EXERCISE BRIEF | Please repeat the lines below exactly. Begin with the line containing "text \<open>Coordinate representation: V" and go on through the line containing "(\<lambda>x y. \<Sum>i\<in>UNIV.".

MATERIAL SHOWN |
(* Let $(V,g)$ be a real vector space of dimension $n\ge3$ with a non-degenerate scalar product $g$ (of arbitrary signature). Let $R\in\mathfrak{r}(V)$ with $R^*\in\mathfrak{r}(V)$. Then: (1) $\pi_8(R)=0=\pi_8(R^* )$; (2) $Ric(R)$ is symmetric if and only if $Ric^*(R)$ is symmetric.
   Context: $\mathfrak{r}(V)$ is the space of $(0,4)$-tensors $R$ with $R(x,y,z,w)=-R(y,x,z,w)$ and $R(x,y,z,w)+R(y,z,x,w)+R(z,x,y,w)=0$. The conjugate of a $(0,4)$-tensor is $R^*(x,y,z,w):=-R(x,y,w,z)$. With $\{e_i\}$ a basis, $g_{ij}=g(e_i,e_j)$ and $(g^{ij})$ the inverse matrix (summation convention), $Ric(R)(x,y):=g^{ij}R(e_i,x,y,e_j)$ and $Ric^*(R):=Ric(R^* )$. For bilinear forms $h,k$: $\Lambda h(x,y)=\tfrac12[h(x,y)-h(y,x)]$; $(h\cdot k)(x,y,z,w)=h(x,y)k(z,w)$; $(h\wedge_r k)(x,y,z,w)=h(x,z)k(y,w)-h(y,z)k(x,w)-r[h(x,w)k(y,z)-h(y,w)k(x,z)]$. Define $4\psi(R)(x,y,z,w)=R(x,y,z,w)+R(y,x,w,z)+R(z,w,x,y)+R(w,z,y,x)$ and $8\mu(R)(x,y,z,w)=3R(x,y,z,w)+3R(x,y,w,z)+R(x,w,z,y)+R(x,z,w,y)+R(w,y,z,x)+R(z,y,w,x)$. For $R\in\mathfrak{r}(V)$ put $\pi_8(R):=R-\psi(R)-\mu(R)+\tfrac{1}{2(n-2)}\Lambda(Ric(R)+Ric^*(R))\cdot g+\tfrac{1}{4(n-2)}\Lambda(Ric(R)+Ric^*(R))\wedge_3 g$. *)

theory Defs
  imports "HOL-Analysis.Analysis"
begin

text \<open>Coordinate representation: V = R^n with basis e_i indexed by the finite type 'n
  (n = CARD('n)).  A (0,4)-tensor R is given by its components R(e_i,e_j,e_k,e_l);
  a bilinear form h by its components h(e_i,e_j); the scalar product g by its Gram matrix
  g_ij = g $ i $ j.  All identities in question are multilinear, so they hold for all
  vectors iff they hold on basis vectors.\<close>

type_synonym 'n tensor4 = "'n \<Rightarrow> 'n \<Rightarrow> 'n \<Rightarrow> 'n \<Rightarrow> real"
type_synonym 'n bform = "'n \<Rightarrow> 'n \<Rightarrow> real"

definition in_r :: "'n tensor4 \<Rightarrow> bool" where
  "in_r R \<longleftrightarrow> (\<forall>x y z w. R x y z w = - R y x z w \<and>
                         R x y z w + R y z x w + R z x y w = 0)"

definition conj4 :: "'n tensor4 \<Rightarrow> 'n tensor4" where
  "conj4 R = (\<lambda>x y z w. - R x y w z)"

definition Ric :: "real^'n^'n \<Rightarrow> ('n::finite) tensor4 \<Rightarrow> 'n bform" where
  "Ric g R = (\<lambda>x y. \<Sum>i\<in>UNIV. \<Sum>j\<in>UNIV. matrix_inv g $ i $ j * R i x y j)"

definition Ric_star :: "real^'n^'n \<Rightarrow> ('n::finite) tensor4 \<Rightarrow> 'n bform" where
  "Ric_star g R = Ric g (conj4 R)"

definition Lam :: "'n bform \<Rightarrow> 'n bform" where
  "Lam h = (\<lambda>x y. (h x y - h y x) / 2)"

definition dotp :: "'n bform \<Rightarrow> 'n bform \<Rightarrow> 'n tensor4" where
  "dotp h k = (\<lambda>x y z w. h x y * k z w)"

definition wedge :: "real \<Rightarrow> 'n bform \<Rightarrow> 'n bform \<Rightarrow> 'n tensor4" where
  "wedge r h k = (\<lambda>x y z w. h x z * k y w - h y z * k x w - r * (h x w * k y z - h y w * k x z))"

definition psi :: "'n tensor4 \<Rightarrow> 'n tensor4" where
  "psi R = (\<lambda>x y z w. (R x y z w + R y x w z + R z w x y + R w z y x) / 4)"

definition mu :: "'n tensor4 \<Rightarrow> 'n tensor4" where
  "mu R = (\<lambda>x y z w. (3 * R x y z w + 3 * R x y w z + R x w z y + R x z w y
                       + R w y z x + R z y w x) / 8)"

definition gram :: "real^'n^'n \<Rightarrow> 'n bform" where
  "gram g = (\<lambda>i j. g $ i $ j)"

definition pi8 :: "real^'n^'n \<Rightarrow> ('n::finite) tensor4 \<Rightarrow> 'n tensor4" where
  "pi8 g R = (let n = real CARD('n); A = Lam (\<lambda>x y. Ric g R x y + Ric_star g R x y) in
     (\<lambda>x y z w. R x y z w - psi R x y z w - mu R x y z w
        + 1 / (2 * (n - 2)) * dotp A (gram g) x y z w
        + 1 / (4 * (n - 2)) * wedge 3 A (gram g) x y z w))"

definition sym_bform :: "'n bform \<Rightarrow> bool" where
  "sym_bform h \<longleftrightarrow> (\<forall>x y. h x y = h y x)"

end

theory Submission
  imports Defs
begin

text \<open>Then \<open>S = R + R\<^sup>*\<close>, i.e. \<open>S(x,y,z,w) = R(x,y,z,w) - R(x,y,w,z)\<close>, satisfies the pair symmetry
  \<open>S(x,y,z,w) = S(w,z,y,x)\<close>, so its Ricci contraction \<open>Ric(R) + Ric\<^sup>*(R)\<close> is symmetric.  Hence the
  correction terms of \<open>\<pi>\<^sub>8\<close>, built from \<open>\<Lambda>(Ric(R) + Ric\<^sup>*(R))\<close>, vanish, and \<open>R - \<psi>(R) - \<mu>(R) = 0\<close>
  is a linear consequence of the two Bianchi identities.  Symmetry of \<open>Ric(R) + Ric\<^sup>*(R)\<close> also shows
  that \<open>Ric(R)\<close> is symmetric iff \<open>Ric\<^sup>*(R)\<close> is.\<close>

lemma transpose_matrix_inv_symmetric:
  fixes A :: "'a::comm_semiring_1^'n^'n"
  assumes "transpose A = A" and "invertible A"
  shows "transpose (matrix_inv A) = matrix_inv A"
proof -
  define B where "B = matrix_inv A"
  have B: "A ** B = mat 1" "B ** A = mat 1"
    using someI_ex[OF assms(2)[unfolded invertible_def]] by (auto simp: B_def matrix_inv_def)
  have "A ** transpose B = mat 1"
    by (metis assms(1) B(2) matrix_transpose_mul transpose_mat)
  then have "B = B ** (A ** transpose B)"
    by (simp add: matrix_mul_rid)
  also have "\<dots> = transpose B"
    using B(2) by (simp add: matrix_mul_assoc matrix_mul_lid)
  finally show ?thesis
    unfolding B_def by simp
qed

lemma matrix_inv_symmetric:
  fixes A :: "'a::comm_semiring_1^'n^'n"
  assumes "transpose A = A" and "invertible A"
  shows "matrix_inv A $ i $ j = matrix_inv A $ j $ i"
proof -
  have "transpose (matrix_inv A) $ j $ i = matrix_inv A $ j $ i"
    by (simp add: transpose_matrix_inv_symmetric[OF assms])
  then show ?thesis
    by (simp add: transpose_def)
qed

lemma conj4_conj4 [simp]: "conj4 (conj4 R) = R"
  by (simp add: conj4_def)

lemma in_r_antisym: "in_r R \<Longrightarrow> R x y z w = - R y x z w"
  unfolding in_r_def by blast

lemma in_r_bianchi: "in_r R \<Longrightarrow> R x y z w + R y z x w + R z x y w = 0"
  unfolding in_r_def by blast

lemma in_r_conj4_bianchi: "in_r (conj4 R) \<Longrightarrow> R x y w z + R y z w x + R z x w y = 0"
  using in_r_bianchi[of "conj4 R" x y z w] by (simp add: conj4_def)

lemma Ric_add: "Ric g (\<lambda>a b c d. R a b c d + T a b c d) x y = Ric g R x y + Ric g T x y"
  by (simp add: Ric_def distrib_left sum.distrib)

lemma Ric_symmetric_if_pair_symmetric:
  fixes g :: "real^'n^'n" and S :: "('n::finite) tensor4"
  assumes "transpose g = g" and "invertible g"
    and pair_sym: "\<And>a b c d. S a b c d = S d c b a"
  shows "Ric g S x y = Ric g S y x"
proof -
  have "matrix_inv g $ i $ j * S i x y j = matrix_inv g $ j $ i * S j y x i" for i j
    using pair_sym matrix_inv_symmetric[OF assms(1,2)] by metis
  then have "Ric g S x y = (\<Sum>i\<in>UNIV. \<Sum>j\<in>UNIV. matrix_inv g $ j $ i * S j y x i)"
    unfolding Ric_def by (intro sum.cong refl)
  also have "\<dots> = Ric g S y x"
    unfolding Ric_def by (rule sum.swap)
  finally show ?thesis .
qed

lemma skew_part_pair_symmetric:
  assumes "in_r R" and "in_r (conj4 R)"
  shows "R a b c d - R a b d c = R d c b a - R d c a b"
proof -
  note antisym = in_r_antisym[OF assms(1)]
    and bianchi = in_r_bianchi[OF assms(1)]
    and bianchi' = in_r_conj4_bianchi[OF assms(2)]
  show ?thesis
    using antisym[of a b c d] bianchi'[of a b d c] antisym[of a c b d] bianchi'[of a c b d]
      antisym[of a d b c] bianchi'[of a d c b] bianchi[of a d c b] bianchi'[of a d b c]
      bianchi[of b c d a]
    by linarith
qed

lemma Ric_plus_Ric_star_symmetric:
  fixes g :: "real^'n^'n" and R :: "('n::finite) tensor4"
  assumes "transpose g = g" and "invertible g" and "in_r R" and "in_r (conj4 R)"
  shows "Ric g R x y + Ric_star g R x y = Ric g R y x + Ric_star g R y x"
proof -
  have "\<And>x y. Ric g R x y + Ric_star g R x y = Ric g (\<lambda>a b c d. R a b c d - R a b d c) x y"
    unfolding Ric_star_def using Ric_add[of g R "conj4 R"] by (simp add: conj4_def)
  moreover have "Ric g (\<lambda>a b c d. R a b c d - R a b d c) x y
      = Ric g (\<lambda>a b c d. R a b c d - R a b d c) y x"
    by (rule Ric_symmetric_if_pair_symmetric[OF assms(1,2)])
      (rule skew_part_pair_symmetric[OF assms(3,4)])
  ultimately show ?thesis
    by simp
qed

lemma psi_plus_mu_eq:
  assumes "in_r R" and "in_r (conj4 R)"
  shows "psi R x y z w + mu R x y z w = R x y z w"
proof -
  note antisym = in_r_antisym[OF assms(1)]
    and bianchi = in_r_bianchi[OF assms(1)]
    and bianchi' = in_r_conj4_bianchi[OF assms(2)]
  show ?thesis
    unfolding psi_def mu_def
    using antisym[of x y z w] bianchi'[of x y w z] antisym[of x y w z] antisym[of x z y w]
      bianchi'[of x z w y] antisym[of x z w y] bianchi[of x z w y] bianchi'[of x z y w]
      antisym[of x w y z] bianchi'[of x w z y] antisym[of x w z y] bianchi'[of x w y z]
      bianchi[of y z w x]
    by (simp add: field_simps)
qed

lemma pi8_eq_zero:
  fixes g :: "real^'n^'n" and R :: "('n::finite) tensor4"
  assumes "transpose g = g" and "invertible g" and "in_r R" and "in_r (conj4 R)"
  shows "pi8 g R = (\<lambda>_ _ _ _. 0)"
proof -
  have Lam_zero: "Lam (\<lambda>x y. Ric g R x y + Ric_star g R x y) = (\<lambda>_ _. 0)"
    unfolding Lam_def using Ric_plus_Ric_star_symmetric[OF assms] by (simp add: fun_eq_iff)
  have "R x y z w - psi R x y z w - mu R x y z w = 0" for x y z w
    using psi_plus_mu_eq[OF assms(3,4), of x y z w] by simp
  then show ?thesis
    unfolding pi8_def Let_def Lam_zero by (simp add: fun_eq_iff dotp_def wedge_def)
qed

theorem lemma4p9:
  fixes g :: "real^'n^'n" and R :: "('n::finite) tensor4"
  assumes "CARD('n) \<ge> 3"
    and "transpose g = g" and "invertible g"
    and "in_r R" and "in_r (conj4 R)"
  shows "pi8 g R = (\<lambda>_ _ _ _. 0) \<and> pi8 g (conj4 R) = (\<lambda>_ _ _ _. 0)
         \<and> (sym_bform (Ric g R) \<longleftrightarrow> sym_bform (Ric_star g R))"
proof (intro conjI)
  show "pi8 g R = (\<lambda>_ _ _ _. 0)"
    using pi8_eq_zero[OF assms(2-5)] .
  show "pi8 g (conj4 R) = (\<lambda>_ _ _ _. 0)"
    using pi8_eq_zero[OF assms(2,3,5)] assms(4) by simp
  show "sym_bform (Ric g R) \<longleftrightarrow> sym_bform (Ric_star g R)"
    unfolding sym_bform_def
    using Ric_plus_Ric_star_symmetric[OF assms(2-5)] by (smt (verit))
qed

end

EXPECTED ANSWER |
text \<open>Coordinate representation: V = R^n with basis e_i indexed by the finite type 'n
  (n = CARD('n)).  A (0,4)-tensor R is given by its components R(e_i,e_j,e_k,e_l);
  a bilinear form h by its components h(e_i,e_j); the scalar product g by its Gram matrix
  g_ij = g $ i $ j.  All identities in question are multilinear, so they hold for all
  vectors iff they hold on basis vectors.\<close>

type_synonym 'n tensor4 = "'n \<Rightarrow> 'n \<Rightarrow> 'n \<Rightarrow> 'n \<Rightarrow> real"
type_synonym 'n bform = "'n \<Rightarrow> 'n \<Rightarrow> real"

definition in_r :: "'n tensor4 \<Rightarrow> bool" where
  "in_r R \<longleftrightarrow> (\<forall>x y z w. R x y z w = - R y x z w \<and>
                         R x y z w + R y z x w + R z x y w = 0)"

definition conj4 :: "'n tensor4 \<Rightarrow> 'n tensor4" where
  "conj4 R = (\<lambda>x y z w. - R x y w z)"

definition Ric :: "real^'n^'n \<Rightarrow> ('n::finite) tensor4 \<Rightarrow> 'n bform" where
  "Ric g R = (\<lambda>x y. \<Sum>i\<in>UNIV. \<Sum>j\<in>UNIV. matrix_inv g $ i $ j * R i x y j)"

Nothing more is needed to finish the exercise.